In light of these briefly described difficulties, problems, limitations, and challenges – DPLC – that face cancer patients in the Gaza Strip, making some chemotherapy services available on a large scale in the Gaza Strip will relatively alleviate some of the DPLC encountered by cancer patients. This will also spare cancer patients the difficulties and uncertainties of the complex system of the Israeli permit that they must obtain before each of their visits to AVH in occupied East Jerusalem, the burdens of traveling long distances and crossing many Israeli military checkpoints, the family separation, and the need to remain in quarantine upon return, in addition to the extra financial expenses. However, putting a lot of difficulties and creating many more problems for Palestinian cancer patients by the Israeli occupation authorities has intended to reduce the number of Palestinians from going to AVH and completely preventing them from entering the old city of Jerusalem. Here medicine, health, pain, suffering, humans, and humanitarian issues are typically mixed with unbalanced, unjust, inhumane, and unfair policies and immoral politics that terribly affect cancer patients, while many of them are perhaps living their last days, weeks, months, or some years.
There are still significant gaps in the services provided to cancer patients in the Gaza Strip as well as in the West Bank, including chemotherapy and other types of treatment, while basic facilities for adequate screening and cancer treatment are still unavailable. However, the recent availability of some chemotherapy in Gaza (and, to that matter, in Beit Jala, West Bank, as discussed above) has brought a lot of relief to people in extremely vulnerable situations and, therefore, all efforts must be made to maintain these achievements, though they are small. In addition, the limitations imposed by the Israeli occupation authorities must be completely and immediately ended, based on the obligation to treat cancer patients fully with respect, dignity, and humanity, by allowing them to travel smoothly and let them pass easily through the Israeli military checkpoints in the areas controlled by the Israeli occupation authorities, especially when they need to go to AVH in occupied East Jerusalem for cancer treatment; such measures must be taken by the Israeli side. On the other hand, the Palestinian Authority must repay its debts to AVH and other hospitals in occupied East Jerusalem and the rest of the West Bank, so that cancer patients from the Gaza Strip and West Bank can be able to comfortably have treatments at AVH and/or other hospitals, without fear that they will be sent back to their homes without treatment, because of the PA’s debts, based on previous experiences.

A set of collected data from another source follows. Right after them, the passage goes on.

text \<open>The two summands of PsiA handle the indices with \<alpha>_l q < p (by Hoelder's inequality)
  and those with \<alpha>_l q \<ge> p (by the maximum) separately.\<close>
lemma q_norm_le_PsiA:
  fixes \<delta> \<alpha> s :: "nat \<Rightarrow> real"
  assumes q: "1 < q" and p: "0 < p" and \<alpha>: "\<And>l. l < n1 \<Longrightarrow> 0 < \<alpha> l"
    and \<delta>: "\<And>l. l < n1 \<Longrightarrow> 0 \<le> \<delta> l" and t: "0 \<le> t"
    and s0: "\<And>l. l < n1 \<Longrightarrow> 0 \<le> s l" and sum_s: "(\<Sum>l<n1. s l powr p) \<le> 1"
  shows "(\<Sum>l<n1. (\<delta> l * (s l * t) powr \<alpha> l) powr q) powr (1/q) \<le> PsiA n1 \<alpha> q p \<delta> t"
proof -
  define b where "b l = (\<delta> l * t powr \<alpha> l) powr q" for l
  define J where "J = {l. l < n1 \<and> \<alpha> l * q < p}"
  define Jc where "Jc = {l. l < n1 \<and> p \<le> \<alpha> l * q}"
  define ab where "ab = Min (\<alpha> ` J)"
  define AT where "AT = (\<Sum>l\<in>J. b l powr (p / (p - ab * q))) powr (1 - ab * q / p)"
  define MT where "MT = (if Jc = {} then 0 else Max (b ` Jc))"
  have fin: "finite J" "finite Jc" and split: "{..<n1} = J \<union> Jc" "J \<inter> Jc = {}"
    unfolding J_def Jc_def by auto
  have s1: "s l \<le> 1" if l: "l < n1" for l
  proof -
    have "s l powr p \<le> 1 powr p"
      using sum_s member_le_sum[of l "{..<n1}" "\<lambda>l. s l powr p"] l by simp
    then show ?thesis using powr_less_mono2[OF p, of 1 "s l"] by linarith
  qed
  have b0: "0 \<le> b l" for l by (simp add: b_def)
  have sub: "(\<Sum>l\<in>X. s l powr p) \<le> 1" if "X \<subseteq> {..<n1}" for X
    using sum_s sum_mono2[OF _ that, of "\<lambda>l. s l powr p"] by fastforce
  have summand: "(\<delta> l * (s l * t) powr \<alpha> l) powr q = b l * s l powr (\<alpha> l * q)" if "l < n1" for l
    using \<delta>[OF that] s0[OF that] t by (simp add: b_def powr_mult powr_powr mult_ac)
  have JA: "(\<Sum>l\<in>J. b l * s l powr (\<alpha> l * q)) \<le> AT"
  proof (cases "J = {}")
    case False
    then have "ab \<in> \<alpha> ` J" unfolding ab_def using fin by (intro Min_in) auto
    then have "0 < ab * q" "ab * q < p" using \<alpha> q unfolding J_def by auto
    moreover have "ab * q \<le> \<alpha> l * q" if "l \<in> J" for l
      unfolding ab_def using that fin q by (intro mult_right_mono Min_le) auto
    ultimately show ?thesis unfolding AT_def using b0 s0 s1 sub[of J]
      by (intro sum_powr_le_dual_norm fin) (auto simp: J_def)
  qed (simp add: AT_def)
  have JM: "(\<Sum>l\<in>Jc. b l * s l powr (\<alpha> l * q)) \<le> MT"
  proof (cases "Jc = {}")
    case False
    have "(\<Sum>l\<in>Jc. b l * s l powr (\<alpha> l * q)) \<le> Max (b ` Jc)"
      using False fin b0 s0 s1 sub[of Jc] by (intro sum_powr_le_Max) (auto simp: Jc_def)
    then show ?thesis using False by (simp add: MT_def)
  qed (simp add: MT_def)
  have "(\<Sum>l<n1. (\<delta> l * (s l * t) powr \<alpha> l) powr q) = (\<Sum>l<n1. b l * s l powr (\<alpha> l * q))"
    by (rule sum.cong) (auto simp: summand)
  also have "\<dots> = (\<Sum>l\<in>J. b l * s l powr (\<alpha> l * q)) + (\<Sum>l\<in>Jc. b l * s l powr (\<alpha> l * q))"
    unfolding split(1) using split fin by (simp add: sum.union_disjoint)
  also have "\<dots> \<le> AT + MT" using JA JM by simp
  finally have "(\<Sum>l<n1. (\<delta> l * (s l * t) powr \<alpha> l) powr q) powr (1/q) \<le> (AT + MT) powr (1/q)"
    using q by (intro powr_mono2) (auto simp: sum_nonneg)
  also have "(AT + MT) powr (1/q) = PsiA n1 \<alpha> q p \<delta> t"
    unfolding PsiA_def Let_def AT_def MT_def ab_def J_def Jc_def b_def
    by (simp add: powr_powr mult.commute)
  finally show ?thesis .
qed

lemma sum_row_norms_powr_le_1:
  fixes u :: "'a \<Rightarrow> 'b \<Rightarrow> real"
  assumes p: "0 < p" and \<rho>: "0 < \<rho>" and norm: "(\<Sum>l\<in>A. \<Sum>m\<in>B. \<bar>u l m\<bar> powr p) powr (1/p) \<le> \<rho>"
  shows "(\<Sum>l\<in>A. ((\<Sum>m\<in>B. \<bar>u l m\<bar> powr p) powr (1/p) / \<rho>) powr p) \<le> 1"
proof -
  have "(\<Sum>l\<in>A. \<Sum>m\<in>B. \<bar>u l m\<bar> powr p) = ((\<Sum>l\<in>A. \<Sum>m\<in>B. \<bar>u l m\<bar> powr p) powr (1/p)) powr p"
    using p by (simp add: powr_powr sum_nonneg)
  also have "\<dots> \<le> \<rho> powr p" using norm p by (intro powr_mono2) auto
  finally show ?thesis
    using \<rho> p by (simp add: powr_divide powr_powr sum_nonneg sum_divide_distrib[symmetric] divide_le_eq)
qed

lemma weighted_sum_le_PsiA:
  fixes wk \<delta> \<alpha> xs :: "nat \<Rightarrow> real" and u :: "nat \<Rightarrow> nat \<Rightarrow> real"
  assumes pw: "1 < pw" and pu: "1 < pu"
    and wkn: "(\<Sum>l<n1. \<bar>wk l\<bar> powr pw) powr (1/pw) \<le> \<rho>w"
    and u0: "\<And>l m. l < n1 \<Longrightarrow> m < d \<Longrightarrow> 0 \<le> u l m"
    and un: "(\<Sum>l<n1. \<Sum>m<d. \<bar>u l m\<bar> powr pu) powr (1/pu) \<le> \<rho>u" and \<rho>u: "0 < \<rho>u"
    and xs0: "\<And>m. m < d \<Longrightarrow> 0 \<le> xs m"
    and xn: "(\<Sum>m<d. \<bar>xs m\<bar> powr hconj pu) powr (1/hconj pu) \<le> \<rho>x"
    and \<delta>: "\<And>l. l < n1 \<Longrightarrow> 0 \<le> \<delta> l" and \<alpha>: "\<And>l. l < n1 \<Longrightarrow> 0 < \<alpha> l"
  shows "(\<Sum>l<n1. wk l * (\<delta> l * (\<Sum>m<d. u l m * xs m) powr \<alpha> l))
    \<le> \<rho>w * PsiA n1 \<alpha> (hconj pw) pu \<delta> (\<rho>u * \<rho>x)"
proof -
  define q where "q = hconj pw"
  define z where "z l = (\<Sum>m<d. u l m * xs m)" for l
  define s where "s l = (\<Sum>m<d. \<bar>u l m\<bar> powr pu) powr (1/pu) / \<rho>u" for l
  define t where "t = \<rho>u * \<rho>x"
  have q: "1 < q" using hconj_gt_1[OF pw] by (simp add: q_def)
  have \<rho>x: "0 \<le> \<rho>x" using xn by (meson order_trans powr_ge_zero)
  have z: "0 \<le> z l" "z l \<le> s l * t" if "l < n1" for l
  proof -
    show "0 \<le> z l" unfolding z_def using u0 xs0 that by (intro sum_nonneg) auto
    have "z l \<le> (\<Sum>m<d. \<bar>u l m\<bar> powr pu) powr (1/pu) * (\<Sum>m<d. \<bar>xs m\<bar> powr hconj pu) powr (1/hconj pu)"
      unfolding z_def using pu hconj_gt_1[OF pu] inverse_add_inverse_hconj[OF pu]
      by (intro Holder_inequality_sum) auto
    also have "\<dots> \<le> (\<Sum>m<d. \<bar>u l m\<bar> powr pu) powr (1/pu) * \<rho>x"
      using xn by (intro mult_left_mono) auto
    finally show "z l \<le> s l * t" using \<rho>u by (simp add: s_def t_def)
  qed
  have sum_s: "(\<Sum>l<n1. s l powr pu) \<le> 1"
    unfolding s_def using pu \<rho>u un by (intro sum_row_norms_powr_le_1) auto
  have "(\<Sum>l<n1. wk l * (\<delta> l * z l powr \<alpha> l))
      \<le> (\<Sum>l<n1. \<bar>wk l\<bar> powr pw) powr (1/pw) * (\<Sum>l<n1. \<bar>\<delta> l * z l powr \<alpha> l\<bar> powr q) powr (1/q)"
    using pw q inverse_add_inverse_hconj[OF pw] by (intro Holder_inequality_sum) (auto simp: q_def)
  also have "\<dots> \<le> \<rho>w * (\<Sum>l<n1. (\<delta> l * (s l * t) powr \<alpha> l) powr q) powr (1/q)"
  proof (rule mult_mono[OF wkn])
    have "\<bar>\<delta> l * z l powr \<alpha> l\<bar> powr q \<le> (\<delta> l * (s l * t) powr \<alpha> l) powr q" if l: "l < n1" for l
    proof -
      have "z l powr \<alpha> l \<le> (s l * t) powr \<alpha> l" using z[OF l] \<alpha>[OF l] by (intro powr_mono2) auto
      then have "\<bar>\<delta> l * z l powr \<alpha> l\<bar> \<le> \<delta> l * (s l * t) powr \<alpha> l"
        using \<delta>[OF l] by (simp add: abs_mult mult_left_mono)
      then show ?thesis using q by (intro powr_mono2) auto
    qed
    then show "(\<Sum>l<n1. \<bar>\<delta> l * z l powr \<alpha> l\<bar> powr q) powr (1/q)
        \<le> (\<Sum>l<n1. (\<delta> l * (s l * t) powr \<alpha> l) powr q) powr (1/q)"
      using q by (intro powr_mono2[OF _ _ sum_mono]) (auto intro: sum_nonneg)
  qed (use wkn in \<open>auto intro: order_trans[OF powr_ge_zero]\<close>)
  also have "\<dots> \<le> \<rho>w * PsiA n1 \<alpha> q pu \<delta> t"
    using q pu \<alpha> \<delta> sum_s \<rho>u \<rho>x wkn
    by (intro mult_left_mono q_norm_le_PsiA) (auto simp: s_def t_def intro: order_trans[OF powr_ge_zero])
  finally show ?thesis unfolding z_def q_def t_def .
qed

Cancer-related corruption files and their impacts on cancer patients and the state of cancer in the OPT
Corruption of the Palestinian Authority (PA): Corruption is a widespread phenomenon within the Palestinian Authority’s ministries and institutions, the private sector, and Palestinian NGOs. Therefore, corruption in the Palestinian Authority and society is described by some observers as “a cancer that eats the flesh of the Palestinian people under occupation,” whose effects are no less painful and negatively impactful than the Israeli occupation, as it (corruption) has extended to all segments of Palestinian society [29-35]. “Palestinians recently ranked corruption as the second largest problem after the economic crisis – higher than the Israeli occupation. Palestinians generally view Palestinian Authority (PA) officials as a self-serving, elitist group disconnected from the Palestinian struggle and the people’s daily suffering. Despite this dissatisfaction, there has been little change. What remains are the “old guards” maintaining a grip on power, rampant and systemic corruption, and the alienation of Palestinians from participation in decisions that impact their lives and future” [30].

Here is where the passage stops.